Amid protests of stay-at-home orders and calls to “reopen the economy” despite the ongoing covid-19 pandemic, BBC News revealed “the untold story of America’s biggest outbreak.” On March 25, a young whistleblower, the daughter of immigrant workers at the Smithfield Foods pork plant in Sioux Falls, S.D., prompted an investigation into coronavirus at the plant.
Acknowledging a confirmed case among its workforce the following day, the company asserted that its operations were “a crucial part of our nation’s response to covid-19” and thus the plant needed to remain open. By April 12, when Smithfield finally closed under pressure from the South Dakota governor’s office, the plant had become the No. 1 hot spot in the United States, with a cluster of 644 confirmed cases among Smithfield employees and people who contracted the virus from them.
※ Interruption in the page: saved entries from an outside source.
(* A quasitopological group $G$ with identity $e$ is dense-connected if and only if $UV=G$ for all open neighborhoods $U$ and $V$ of $e$.
   Context: A quasitopological group is a group with a topology for which multiplication is separately continuous (each left and right translation is continuous) and inversion $x\mapsto x^{-1}$ is continuous; no separation axioms assumed. A space is dense-connected if every dense subset of it (with the subspace topology) is connected. *)

theory Defs
  imports "HOL-Analysis.Analysis" "HOL-Algebra.Coset"
begin

definition quasitopological_group :: "('a, 'b) monoid_scheme \<Rightarrow> 'a topology \<Rightarrow> bool" where
  "quasitopological_group G T \<longleftrightarrow>
     group G \<and> topspace T = carrier G \<and>
     (\<forall>g \<in> carrier G. continuous_map T T (\<lambda>x. g \<otimes>\<^bsub>G\<^esub> x)) \<and>
     (\<forall>g \<in> carrier G. continuous_map T T (\<lambda>x. x \<otimes>\<^bsub>G\<^esub> g)) \<and>
     continuous_map T T (\<lambda>x. inv\<^bsub>G\<^esub> x)"

definition dense_connected :: "'a topology \<Rightarrow> bool" where
  "dense_connected T \<longleftrightarrow>
     (\<forall>S. S \<subseteq> topspace T \<and> T closure_of S = topspace T \<longrightarrow>
          connected_space (subtopology T S))"

end

theory Submission
  imports Defs
begin

text \<open>A space is dense-connected iff it is hyperconnected (any two nonempty open sets meet):
a dense set split by two disjoint open sets is disconnected, and if an open set \<open>U\<close> misses a
nonempty open set, then \<open>U\<close> together with its exterior is dense and disconnected.
In a quasitopological group, for neighbourhoods \<open>U\<close>, \<open>V\<close> of \<open>\<one>\<close> and any \<open>g\<close>, the open set
\<open>g V\<inverse>\<close> contains \<open>g\<close> and meets \<open>U\<close> exactly when \<open>g \<in> U V\<close>; conversely, open sets
\<open>O\<^sub>1 \<ni> a\<close> and \<open>O\<^sub>2 \<ni> b\<close> meet as soon as \<open>a\<inverse> b \<in> (a\<inverse> O\<^sub>1) (b\<inverse> O\<^sub>2)\<inverse>\<close>.\<close>

definition hyperconnected_space :: "'a topology \<Rightarrow> bool" where
  "hyperconnected_space T \<longleftrightarrow>
     (\<forall>U V. openin T U \<and> openin T V \<and> U \<noteq> {} \<and> V \<noteq> {} \<longrightarrow> U \<inter> V \<noteq> {})"

lemma dense_Un_exterior: "T closure_of (U \<union> (topspace T - T closure_of U)) = topspace T"
  unfolding dense_intersects_open
proof (intro allI impI)
  fix W assume W: "openin T W \<and> W \<noteq> {}"
  show "(U \<union> (topspace T - T closure_of U)) \<inter> W \<noteq> {}"
  proof (cases "W \<inter> U = {}")
    case True
    then have "W \<inter> T closure_of U = {}"
      using W openin_Int_closure_of_eq_empty by blast
    then show ?thesis
      using W openin_subset by blast
  qed blast
qed

lemma hyperconnected_imp_dense_connected:
  assumes "hyperconnected_space T"
  shows "dense_connected T"
  unfolding dense_connected_def connected_space_def
proof (intro allI impI notI)
  fix S assume S: "S \<subseteq> topspace T \<and> T closure_of S = topspace T"
  assume "\<exists>E1 E2. openin (subtopology T S) E1 \<and> openin (subtopology T S) E2 \<and>
            topspace (subtopology T S) \<subseteq> E1 \<union> E2 \<and> E1 \<inter> E2 = {} \<and> E1 \<noteq> {} \<and> E2 \<noteq> {}"
  then obtain E1 E2 where E: "openin (subtopology T S) E1" "openin (subtopology T S) E2"
    "E1 \<inter> E2 = {}" "E1 \<noteq> {}" "E2 \<noteq> {}"
    by blast
  obtain O1 O2 where O: "openin T O1" "E1 = O1 \<inter> S" "openin T O2" "E2 = O2 \<inter> S"
    using E(1,2) openin_subtopology by metis
  have "O1 \<inter> O2 \<noteq> {}"
    using assms O E unfolding hyperconnected_space_def by blast
  moreover have "openin T (O1 \<inter> O2)"
    using O by (simp add: openin_Int)
  ultimately have "S \<inter> (O1 \<inter> O2) \<noteq> {}"
    using S dense_intersects_open by blast
  then show False
    using E O by blast
qed

lemma dense_connected_imp_hyperconnected:
  assumes "dense_connected T"
  shows "hyperconnected_space T"
  unfolding hyperconnected_space_def
proof (intro allI impI notI)
  fix U V assume UV: "openin T U \<and> openin T V \<and> U \<noteq> {} \<and> V \<noteq> {}" and "U \<inter> V = {}"
  define E where "E = topspace T - T closure_of U"
  have "V \<subseteq> E"
    using UV \<open>U \<inter> V = {}\<close> openin_Int_closure_of_eq_empty[of T V U] openin_subset[of T V]
    unfolding E_def by auto
  have "U \<subseteq> T closure_of U"
    using UV by (meson closure_of_subset openin_subset)
  then have "U \<inter> E = {}"
    unfolding E_def by blast
  have "openin T E"
    unfolding E_def by (simp add: openin_diff)
  have "U \<union> E \<subseteq> topspace T"
    using UV openin_subset unfolding E_def by blast
  moreover have "T closure_of (U \<union> E) = topspace T"
    unfolding E_def by (rule dense_Un_exterior)
  ultimately have "connected_space (subtopology T (U \<union> E))"
    using assms unfolding dense_connected_def by blast
  moreover have "openin (subtopology T (U \<union> E)) U" "openin (subtopology T (U \<union> E)) E"
    using UV \<open>openin T E\<close> unfolding openin_subtopology by blast+
  moreover have "topspace (subtopology T (U \<union> E)) \<subseteq> U \<union> E"
    by simp
  moreover have "E \<noteq> {}"
    using UV \<open>V \<subseteq> E\<close> by blast
  ultimately show False
    using UV \<open>U \<inter> E = {}\<close> unfolding connected_space_def by meson
qed

lemma dense_connected_iff_hyperconnected: "dense_connected T \<longleftrightarrow> hyperconnected_space T"
  using dense_connected_imp_hyperconnected hyperconnected_imp_dense_connected by blast

context
  fixes G (structure) and T :: "'a topology"
  assumes qtg: "quasitopological_group G T"
begin

interpretation group G
  using qtg unfolding quasitopological_group_def by blast

lemma quasitopological_group_subset_carrier: "openin T W \<Longrightarrow> W \<subseteq> carrier G"
  using qtg openin_subset unfolding quasitopological_group_def by metis

lemma quasitopological_group_openin_left_translate:
  assumes "openin T W" "g \<in> carrier G"
  shows "openin T {x \<in> carrier G. g \<otimes> x \<in> W}"
  using qtg assms openin_continuous_map_preimage unfolding quasitopological_group_def by metis

lemma quasitopological_group_openin_inverse:
  assumes "openin T W"
  shows "openin T {x \<in> carrier G. inv x \<in> W}"
  using qtg assms openin_continuous_map_preimage unfolding quasitopological_group_def by metis

lemma hyperconnected_imp_set_mult_nhds_eq_carrier:
  assumes hyper: "hyperconnected_space T"
    and U: "openin T U" "\<one> \<in> U" and V: "openin T V" "\<one> \<in> V"
  shows "U <#> V = carrier G"
proof
  show "U <#> V \<subseteq> carrier G"
    using U V quasitopological_group_subset_carrier unfolding set_mult_def by blast
next
  show "carrier G \<subseteq> U <#> V"
  proof
    fix g assume g: "g \<in> carrier G"
    define W where "W = {x \<in> carrier G. inv g \<otimes> x \<in> {y \<in> carrier G. inv y \<in> V}}"
    have "openin T W"
      unfolding W_def using g V(1)
      by (intro quasitopological_group_openin_left_translate quasitopological_group_openin_inverse) simp_all
    moreover have "g \<in> W"
      using g V unfolding W_def by simp
    ultimately obtain x where x: "x \<in> U" "x \<in> W"
      using hyper U unfolding hyperconnected_space_def by blast
    then have xG: "x \<in> carrier G"
      using U quasitopological_group_subset_carrier by blast
    have "inv x \<otimes> g \<in> V"
      using x(2) xG g unfolding W_def by (simp add: inv_mult_group)
    moreover have "g = x \<otimes> (inv x \<otimes> g)"
      using xG g by (simp add: m_assoc[symmetric])
    ultimately show "g \<in> U <#> V"
      using x(1) unfolding set_mult_def by blast
  qed
qed

lemma set_mult_nhds_eq_carrier_imp_hyperconnected:
  assumes UV: "\<And>U V. \<lbrakk>openin T U; \<one> \<in> U; openin T V; \<one> \<in> V\<rbrakk> \<Longrightarrow> U <#> V = carrier G"
  shows "hyperconnected_space T"
  unfolding hyperconnected_space_def
proof (intro allI impI)
  fix O1 O2 assume O: "openin T O1 \<and> openin T O2 \<and> O1 \<noteq> {} \<and> O2 \<noteq> {}"
  then obtain a b where ab: "a \<in> O1" "b \<in> O2" by blast
  have abG: "a \<in> carrier G" "b \<in> carrier G"
    using ab O quasitopological_group_subset_carrier by blast+
  define U where "U = {x \<in> carrier G. a \<otimes> x \<in> O1}"
  define V where "V = {x \<in> carrier G. inv x \<in> {y \<in> carrier G. b \<otimes> y \<in> O2}}"
  have "openin T U" "openin T V"
    using O abG quasitopological_group_openin_left_translate quasitopological_group_openin_inverse
    unfolding U_def V_def by blast+
  moreover have "\<one> \<in> U" "\<one> \<in> V"
    using ab abG unfolding U_def V_def by auto
  ultimately have "inv a \<otimes> b \<in> U <#> V"
    using UV abG by simp
  then obtain u v where uv: "u \<in> U" "v \<in> V" "inv a \<otimes> b = u \<otimes> v"
    unfolding set_mult_def by blast
  have uvG: "u \<in> carrier G" "v \<in> carrier G"
    using uv unfolding U_def V_def by auto
  have "a \<otimes> u = a \<otimes> (u \<otimes> v) \<otimes> inv v"
    using abG uvG by (simp add: m_assoc)
  also have "\<dots> = b \<otimes> inv v"
    using abG by (simp add: uv(3)[symmetric] m_assoc[symmetric])
  finally have "a \<otimes> u = b \<otimes> inv v" .
  moreover have "a \<otimes> u \<in> O1" "b \<otimes> inv v \<in> O2"
    using uv unfolding U_def V_def by auto
  ultimately show "O1 \<inter> O2 \<noteq> {}" by auto
qed

end

theorem theorem4p10:
  fixes G :: "('a, 'b) monoid_scheme" and T :: "'a topology"
  assumes "quasitopological_group G T"
  shows "dense_connected T \<longleftrightarrow>
           (\<forall>U V. openin T U \<and> \<one>\<^bsub>G\<^esub> \<in> U \<and> openin T V \<and> \<one>\<^bsub>G\<^esub> \<in> V
                  \<longrightarrow> U <#>\<^bsub>G\<^esub> V = carrier G)"
  unfolding dense_connected_iff_hyperconnected
  using hyperconnected_imp_set_mult_nhds_eq_carrier[OF assms]
    set_mult_nhds_eq_carrier_imp_hyperconnected[OF assms]
  by blast

end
Even then, the company’s president and CEO, Kenneth M. Sullivan, stressed that the closure, along with others, was “pushing our country perilously close to the edge in terms of our meat supply” and threatened “severe, perhaps disastrous, repercussions for many in the supply chain, first and foremost our nation’s livestock farmers.”
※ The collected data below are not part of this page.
(* Let $M$ be a prefix matching of $\Gamma$ and suppose $\Gamma^M$ contains a directed cycle $a_1\to b_1\to a_2\to b_2\to\cdots\to a_p\to b_p\to a_{p+1}=a_1$ with all $a_i\in I_{k,l}(G)$ and $b_i\in I_{k-1,l}(G)$, where each $a_i\to b_i$ is an edge of $\Gamma$ not in $M$ and each $b_i\to a_{i+1}$ is a reversed edge of $M$. Let $d_i$ be the index such that $b_i$ is obtained from $a_i$ by deleting the entry at position $d_i$, and let $(c_i,u_i)$ be such that $a_{i+1}$ is obtained from $b_i=(b_{i,0},\dots,b_{i,k-1})$ by inserting $u_i$ between positions $c_i$ and $c_i+1$, i.e. $a_{i+1}=(b_{i,0},\dots,b_{i,c_i},u_i,b_{i,c_i+1},\dots,b_{i,k-1})$. Taking all indices modulo $p$, we have for all $i$: $d_{i+1}\neq c_i+1$, $d_{i+1}\le c_i+2$, and $d_i\le c_i+1$.
   Context: $G$ is a finite simple connected graph with shortest-path distance $d$; $\ell(x_0,\dots,x_k)=\sum_{i=0}^{k-1}d(x_i,x_{i+1})$. A sequence is an element of $I_{k,l}(G)=\{(x_0,\dots,x_k)\in V(G)^{k+1}:x_i\ne x_{i+1}\ \forall i,\ \ell(x_0,\dots,x_k)=l\}$. $\Gamma$ is the directed graph on all sequences with an edge $a\to b$ whenever $a=(x_0,\dots,x_k)$, $b=(x_0,\dots,\hat x_i,\dots,x_k)$ for some $1\le i\le k-1$ and $\ell(b)=\ell(a)$. A matching is a set of pairwise vertex-disjoint edges of $\Gamma$; $\Gamma^M$ denotes $\Gamma$ with the edges of $M$ reversed. The matching state of a sequence $(x_0,\dots,x_k)$ is "unmatched", "insert$(i,v)$" (matched to $(x_0,\dots,x_i,v,x_{i+1},\dots,x_k)$) or "delete$(i)$" (matched to $(x_0,\dots,\hat x_i,\dots,x_k)$). A prefix matching is a matching such that whenever $(x_0,\dots,x_k)$ has state insert$(i,v)$ (resp. delete$(i)$), every sequence of the form $(x_0,\dots,x_{i+1},y_{i+2},\dots,y_{k'})$ has the same state. *)

theory Defs
  imports Main
begin

definition simple_graph :: "'a set \<Rightarrow> ('a \<Rightarrow> 'a \<Rightarrow> bool) \<Rightarrow> bool" where
  "simple_graph V E \<longleftrightarrow> finite V \<and> (\<forall>x y. E x y \<longrightarrow> x \<in> V \<and> y \<in> V)
     \<and> (\<forall>x y. E x y \<longrightarrow> E y x) \<and> (\<forall>x. \<not> E x x)"

definition is_walk :: "('a \<Rightarrow> 'a \<Rightarrow> bool) \<Rightarrow> 'a list \<Rightarrow> bool" where
  "is_walk E ws \<longleftrightarrow> ws \<noteq> [] \<and> (\<forall>j. Suc j < length ws \<longrightarrow> E (ws ! j) (ws ! Suc j))"

definition connected_graph :: "'a set \<Rightarrow> ('a \<Rightarrow> 'a \<Rightarrow> bool) \<Rightarrow> bool" where
  "connected_graph V E \<longleftrightarrow> (\<forall>x\<in>V. \<forall>y\<in>V. \<exists>ws. is_walk E ws \<and> hd ws = x \<and> last ws = y)"

definition gdist :: "('a \<Rightarrow> 'a \<Rightarrow> bool) \<Rightarrow> 'a \<Rightarrow> 'a \<Rightarrow> nat" where
  "gdist E x y = (LEAST n. \<exists>ws. is_walk E ws \<and> length ws = Suc n \<and> hd ws = x \<and> last ws = y)"

definition seq_len :: "('a \<Rightarrow> 'a \<Rightarrow> bool) \<Rightarrow> 'a list \<Rightarrow> nat" where
  "seq_len E xs = (\<Sum>j<length xs - 1. gdist E (xs ! j) (xs ! Suc j))"

definition is_seq :: "'a set \<Rightarrow> 'a list \<Rightarrow> bool" where
  "is_seq V xs \<longleftrightarrow> xs \<noteq> [] \<and> set xs \<subseteq> V \<and> (\<forall>j. Suc j < length xs \<longrightarrow> xs ! j \<noteq> xs ! Suc j)"

definition Iset :: "'a set \<Rightarrow> ('a \<Rightarrow> 'a \<Rightarrow> bool) \<Rightarrow> nat \<Rightarrow> nat \<Rightarrow> 'a list set" where
  "Iset V E k l = {xs. is_seq V xs \<and> length xs = Suc k \<and> seq_len E xs = l}"

definition del_at :: "nat \<Rightarrow> 'a list \<Rightarrow> 'a list" where
  "del_at i xs = take i xs @ drop (Suc i) xs"

definition ins_after :: "nat \<Rightarrow> 'a \<Rightarrow> 'a list \<Rightarrow> 'a list" where
  "ins_after i v xs = take (Suc i) xs @ v # drop (Suc i) xs"

definition gamma_edge :: "'a set \<Rightarrow> ('a \<Rightarrow> 'a \<Rightarrow> bool) \<Rightarrow> 'a list \<Rightarrow> 'a list \<Rightarrow> bool" where
  "gamma_edge V E a b \<longleftrightarrow> is_seq V a \<and> is_seq V b \<and>
     (\<exists>i. 1 \<le> i \<and> Suc i < length a \<and> b = del_at i a) \<and> seq_len E b = seq_len E a"

definition is_matching :: "'a set \<Rightarrow> ('a \<Rightarrow> 'a \<Rightarrow> bool) \<Rightarrow> ('a list \<times> 'a list) set \<Rightarrow> bool" where
  "is_matching V E M \<longleftrightarrow> (\<forall>(a,b)\<in>M. gamma_edge V E a b) \<and>
     (\<forall>e\<in>M. \<forall>e'\<in>M. e \<noteq> e' \<longrightarrow> {fst e, snd e} \<inter> {fst e', snd e'} = {})"

definition state_ins :: "('a list \<times> 'a list) set \<Rightarrow> 'a list \<Rightarrow> nat \<Rightarrow> 'a \<Rightarrow> bool" where
  "state_ins M xs i v \<longleftrightarrow> (ins_after i v xs, xs) \<in> M"

definition state_del :: "('a list \<times> 'a list) set \<Rightarrow> 'a list \<Rightarrow> nat \<Rightarrow> bool" where
  "state_del M xs i \<longleftrightarrow> (xs, del_at i xs) \<in> M"

definition prefix_matching :: "'a set \<Rightarrow> ('a \<Rightarrow> 'a \<Rightarrow> bool) \<Rightarrow> ('a list \<times> 'a list) set \<Rightarrow> bool" where
  "prefix_matching V E M \<longleftrightarrow> is_matching V E M \<and>
     (\<forall>xs i v. is_seq V xs \<and> state_ins M xs i v \<longrightarrow>
        (\<forall>ys. is_seq V ys \<and> take (i+2) ys = take (i+2) xs \<longrightarrow> state_ins M ys i v)) \<and>
     (\<forall>xs i. is_seq V xs \<and> state_del M xs i \<longrightarrow>
        (\<forall>ys. is_seq V ys \<and> take (i+2) ys = take (i+2) xs \<longrightarrow> state_del M ys i))"

end

theory Submission
  imports Defs
begin

text \<open>
  The states of a prefix matching depend only on a prefix of the sequence, so they survive the
  deletion of a later entry. In the cycle, a(i+1) is matched by deleting position c(i) + 1 and
  b(i) by inserting after position c(i). If d(i+1) > c(i) + 2, the deletion state passes from
  a(i+1) to b(i+1); if d(i) > c(i) + 1, the insertion state passes from b(i) to a(i). Either way
  some sequence would be matched both to a longer and to a shorter one, which a matching forbids.
  Finally d(i+1) = c(i) + 1 would make the unmatched edge a(i+1) \<rightarrow> b(i+1) the matched one.
\<close>

lemma take_del_at: "n \<le> d \<Longrightarrow> take n (del_at d xs) = take n xs"
  unfolding del_at_def by (simp add: min_def)

lemma del_at_Suc_ins_after: "Suc i \<le> length xs \<Longrightarrow> del_at (Suc i) (ins_after i v xs) = xs"
  unfolding del_at_def ins_after_def by (simp add: min_def)

lemma gamma_edge_length_less: "gamma_edge V E a b \<Longrightarrow> length b < length a"
  unfolding gamma_edge_def del_at_def by auto

lemma matching_top_not_bottom:
  assumes "is_matching V E M" "(x, y) \<in> M" "(z, x) \<in> M"
  shows False
proof -
  have "gamma_edge V E x y" "gamma_edge V E z x"
    using assms unfolding is_matching_def by auto
  then have "(x, y) \<noteq> (z, x)" by (auto dest: gamma_edge_length_less)
  then have "{x, y} \<inter> {z, x} = {}"
    using assms unfolding is_matching_def by fastforce
  then show False by simp
qed

lemma prefix_matching_state_del_del_at:
  assumes "prefix_matching V E M" "is_seq V xs" "is_seq V (del_at d xs)"
    and "state_del M xs j" "j + 2 \<le> d"
  shows "state_del M (del_at d xs) j"
proof -
  have "take (j + 2) (del_at d xs) = take (j + 2) xs"
    using assms(5) by (simp add: take_del_at)
  then show ?thesis using assms(1-4) unfolding prefix_matching_def by blast
qed

lemma prefix_matching_state_ins_undo_del_at:
  assumes "prefix_matching V E M" "is_seq V xs" "is_seq V (del_at d xs)"
    and "state_ins M (del_at d xs) j v" "j + 2 \<le> d"
  shows "state_ins M xs j v"
proof -
  have "take (j + 2) xs = take (j + 2) (del_at d xs)"
    using assms(5) by (simp add: take_del_at)
  then show ?thesis using assms(1-4) unfolding prefix_matching_def by blast
qed

theorem lemma3p3:
  fixes V :: "'v set" and E :: "'v \<Rightarrow> 'v \<Rightarrow> bool"
    and M :: "('v list \<times> 'v list) set"
    and k l p :: nat
    and a b :: "nat \<Rightarrow> 'v list" and d c :: "nat \<Rightarrow> nat" and u :: "nat \<Rightarrow> 'v"
  assumes G: "simple_graph V E" "connected_graph V E"
    and PM: "prefix_matching V E M"
    and p: "p \<ge> 1"
    and per: "\<And>i. a (i + p) = a i" "\<And>i. b (i + p) = b i"
      "\<And>i. c (i + p) = c i" "\<And>i. d (i + p) = d i" "\<And>i. u (i + p) = u i"
    and aI: "\<And>i. a i \<in> Iset V E k l"
    and bI: "\<And>i. b i \<in> Iset V E (k - 1) l"
    and ab: "\<And>i. gamma_edge V E (a i) (b i) \<and> (a i, b i) \<notin> M"
    and ba: "\<And>i. (a (Suc i), b i) \<in> M"
    and dd: "\<And>i. d i < length (a i) \<and> b i = del_at (d i) (a i)"
    and cc: "\<And>i. Suc (c i) < length (b i) \<and> a (Suc i) = ins_after (c i) (u i) (b i)"
  shows "\<forall>i. d (Suc i) \<noteq> c i + 1 \<and> d (Suc i) \<le> c i + 2 \<and> d i \<le> c i + 1"
proof (intro allI conjI)
  fix i
  have matching: "is_matching V E M" using PM unfolding prefix_matching_def by blast
  have seq: "is_seq V (a j)" "is_seq V (b j)" for j
    using ab[of j] unfolding gamma_edge_def by auto
  have b_del: "b j = del_at (Suc (c j)) (a (Suc j))" for j
    using cc[of j] by (simp add: del_at_Suc_ins_after)
  have a_del: "state_del M (a (Suc j)) (Suc (c j))" for j
    using ba b_del unfolding state_del_def by metis
  have b_ins: "state_ins M (b j) (c j) (u j)" for j
    using ba cc unfolding state_ins_def by metis
  show "d (Suc i) \<noteq> c i + 1"
    using ab[of "Suc i"] ba[of i] dd[of "Suc i"] b_del[of i] by auto
  show "d (Suc i) \<le> c i + 2"
  proof (rule ccontr)
    assume "\<not> d (Suc i) \<le> c i + 2"
    then have "state_del M (b (Suc i)) (Suc (c i))"
      using prefix_matching_state_del_del_at[OF PM seq(1) _ a_del] seq(2) dd by simp
    then show False
      using matching_top_not_bottom[OF matching _ ba] unfolding state_del_def by blast
  qed
  show "d i \<le> c i + 1"
  proof (rule ccontr)
    assume "\<not> d i \<le> c i + 1"
    then have "state_ins M (a i) (c i) (u i)"
      using prefix_matching_state_ins_undo_del_at[OF PM seq(1), of "d i"] seq(2) b_ins dd by simp
    moreover have "(a i, b (i + p - 1)) \<in> M"
      using ba[of "i + p - 1"] per(1)[of i] p by (simp add: Suc_diff_le)
    ultimately show False
      using matching_top_not_bottom[OF matching] unfolding state_ins_def by blast
  qed
qed

end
Yet, despite public pronouncements that the company prioritized the health and safety of its employees — mostly immigrants and refugees — “taking the utmost precautions and actions” to ensure their “health and wellbeing,” workers allege that Smithfield ignored their requests for personal protective equipment and pressured them to remain on the job. One former employee asserts: “They don’t care about employees. They only care about their money.”
More than a century ago, an investigation into Chicago’s meatpacking industry revealed similar working conditions. It transformed a scholar into an activist and launched a movement for labor reform that resulted in new laws regulating working conditions, hours and wages. It exposed how the pursuit of profit can lead to the exploitation of a predominantly immigrant workforce — lessons essential for understanding the debate around worker safety in the meat processing industry today.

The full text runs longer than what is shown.